Книга Машкино счастье, страница 44. Автор книги Мария Метлицкая

Разделитель для чтения книг в онлайн библиотеке

Онлайн книга «Машкино счастье»

Cтраница 44

– Сегодня сделаешь? – с надеждой спросила Адуся. Работа для Надьки была – пустяк, так, подол подрубить и заузить лиф, но она свредничала – бабская сущность – и торопиться отказалась.

Адуся с Никитой вечером собирались в Большой на «Дон-Кихота». Адуся жалобно канючила, а Надька говорила твердое «нет». Завтра к вечеру. Точка. Ушла от Надьки надутая, а потом осенило – завидует. Как все банально! И усмехнулась: ну что ж, милочка, поделаешь. Каждому свое. Уж извини, что так вышло. На балете Никита уснул, но это ее только умилило – устал, бедненький.

Потом Адуся стала прихварывать, не понимая, в чем дело. Забеспокоилась – ее организм, работавший так четко до этого, дал какой-то явный сбой. Болела грудь, потемнели бледные Адусины соски, мутило, совсем не хотелось есть, а хотелось только свежего огурца с солью и томатного сока. И еще все время тянуло в сон. Так бы и спала целый день. В общем, взяла отгулы и валялась на диване. Попросила Никиту съездить к Надьке и забрать платье.

Умная Нора просекла все до того, как поняла Адуся. И просила Бога образумить наконец ее непутевого сына. А еще через неделю исчез и сам фигурант, впрочем, успокоив мать звонком – жив-здоров, просто уезжает, и, видимо, надолго. И еще очень просит мать («ну, ты же у меня умница!») придумать что-нибудь для Адуси. «Ну, что-нибудь, сама знаешь. Она ведь так явно задержалась», – хохотнул он на прощание.
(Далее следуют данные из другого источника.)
lemma qbinom_le_power:
  assumes "2 \<le> q" and "r \<le> m"
  shows "qbinom q m r \<le> q ^ (r * (m - r + 1))"
  using assms(2)
proof (induction r arbitrary: m)
  case 0
  then show ?case by simp
next
  case (Suc r)
  then obtain m' where m: "m = Suc m'" and rm: "r \<le> m'" by (cases m) auto
  have "q ^ Suc m' - 1 \<le> q ^ (m' - r + 1) * (q ^ Suc r - 1)"
  proof -
    have "m' - r + 1 + Suc r = m' + 2"
      using rm by simp
    then have "q ^ (m' - r + 1) * (q ^ Suc r - 1) = q ^ (m' + 2) - q ^ (m' - r + 1)"
      by (simp only: diff_mult_distrib2 mult_1_right flip: power_add)
    moreover have "q ^ (m' - r + 1) \<le> q ^ (m' + 1)"
      using assms by (intro power_increasing) auto
    moreover have "q ^ (m' + 1) * 2 \<le> q ^ (m' + 2)"
      using assms by simp
    ultimately show ?thesis by (simp only: power_Suc[symmetric] Suc_eq_plus1)
  qed
  then have "qbinom q m (Suc r) * (q ^ Suc r - 1)
      \<le> q ^ (r * (m' - r + 1)) * (q ^ (m' - r + 1) * (q ^ Suc r - 1))"
    unfolding m qbinom_absorption[OF assms(1)] using Suc.IH[OF rm] by (intro mult_le_mono)
  also have "\<dots> = q ^ (Suc r * (m - Suc r + 1)) * (q ^ Suc r - 1)"
  proof -
    have "Suc r * (m - Suc r + 1) = r * (m' - r + 1) + (m' - r + 1)"
      using m rm by simp
    then show ?thesis by (simp only: power_add mult.assoc)
  qed
  finally show ?case
    using power_minus_one_pos(2)[OF assms(1), of "Suc r"] by simp
qed

section \<open>Cost-bounded executions\<close>

definition runs_within ::
    "nat \<Rightarrow> (nat \<Rightarrow> nat \<Rightarrow> nat) \<Rightarrow> com \<Rightarrow> (nat \<Rightarrow> nat) \<Rightarrow> (nat \<Rightarrow> nat) \<Rightarrow> nat \<Rightarrow> bool" where
  "runs_within q inp c s s' b \<longleftrightarrow> (\<exists>t. big q inp c s t s' \<and> t \<le> b)"

lemma runs_within_mono:
  "runs_within q inp c s s' b \<Longrightarrow> b \<le> b' \<Longrightarrow> runs_within q inp c s s' b'"
  unfolding runs_within_def by auto

lemma runs_within_Skip: "runs_within q inp Skip s s 1"
  unfolding runs_within_def by (auto intro: big.intros)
Вечером того же дня Нора уже кричала на несчастную Адусю, называя ее дурой и бестолочью за то, что та не успела сказать Никите про ребенка, все думала, как эту новость торжественно обставить. А теперь ищи его днем с огнем! Где он сейчас, на чьих подушках? Похоже, закрутило его сильно, уж она-то своего сына знает, не сомневайся.

Адуся собрала вещи и уехала к себе. Тяжелее всего было пережить то, что она посчитала за явное оскорбление, – исчез, не поговорив, не сказав ни слова в объяснение, не по-человечески, по-скотски с ней обошелся. За что? Это и было самым горьким.

Страдала она безудержно и отчаянно. Бессердечная Нора ежедневно звонила и уговаривала Адусю сделать аборт: «Одна ты ребенка не поднимешь». Себя она в происходящем, естественно, не видела.

Ребенка Адуся решила оставить. Как можно распоряжаться чужой жизнью? Да и потом, материнская страшная судьба! Чувствовала себя она отвратительно, но душевная боль была куда сильнее, чем недомогание. С работы она уволилась – говорить и видеть кого бы то ни было не было сил. Относила в комиссионку на Октябрьской то серебряный молочник, то столовое серебро, то японскую вазу. Из дома почти не выходила, телевизор не включала, лежала часами на кровати без сна, но с закрытыми глазами. Открывать глаза и видеть этот мир ей не хотелось. К телефону подходить сначала перестала, а потом и вовсе выдернула шнур из розетки.

Однажды, когда одиночество стало совсем невыносимым, Адуся поехала к Надьке, старой подружке. Вот кто поймет и пожалеет – тоже одинокая и неприкаянная душа. Вот наплачемся вволю.

Надька открыла дверь не скоро. Адуся оторопела и не сразу поняла, в чем дело. На лице подруги блуждала странная, загадочная улыбка, да и вообще она была и совсем не похожа на себя прежнюю – с распущенными по плечам богатыми волосами, с яркими, горящими глазами, в новом красивом платье и с накрашенными губами. «Чудеса, ей-богу», – удивилась Адуся.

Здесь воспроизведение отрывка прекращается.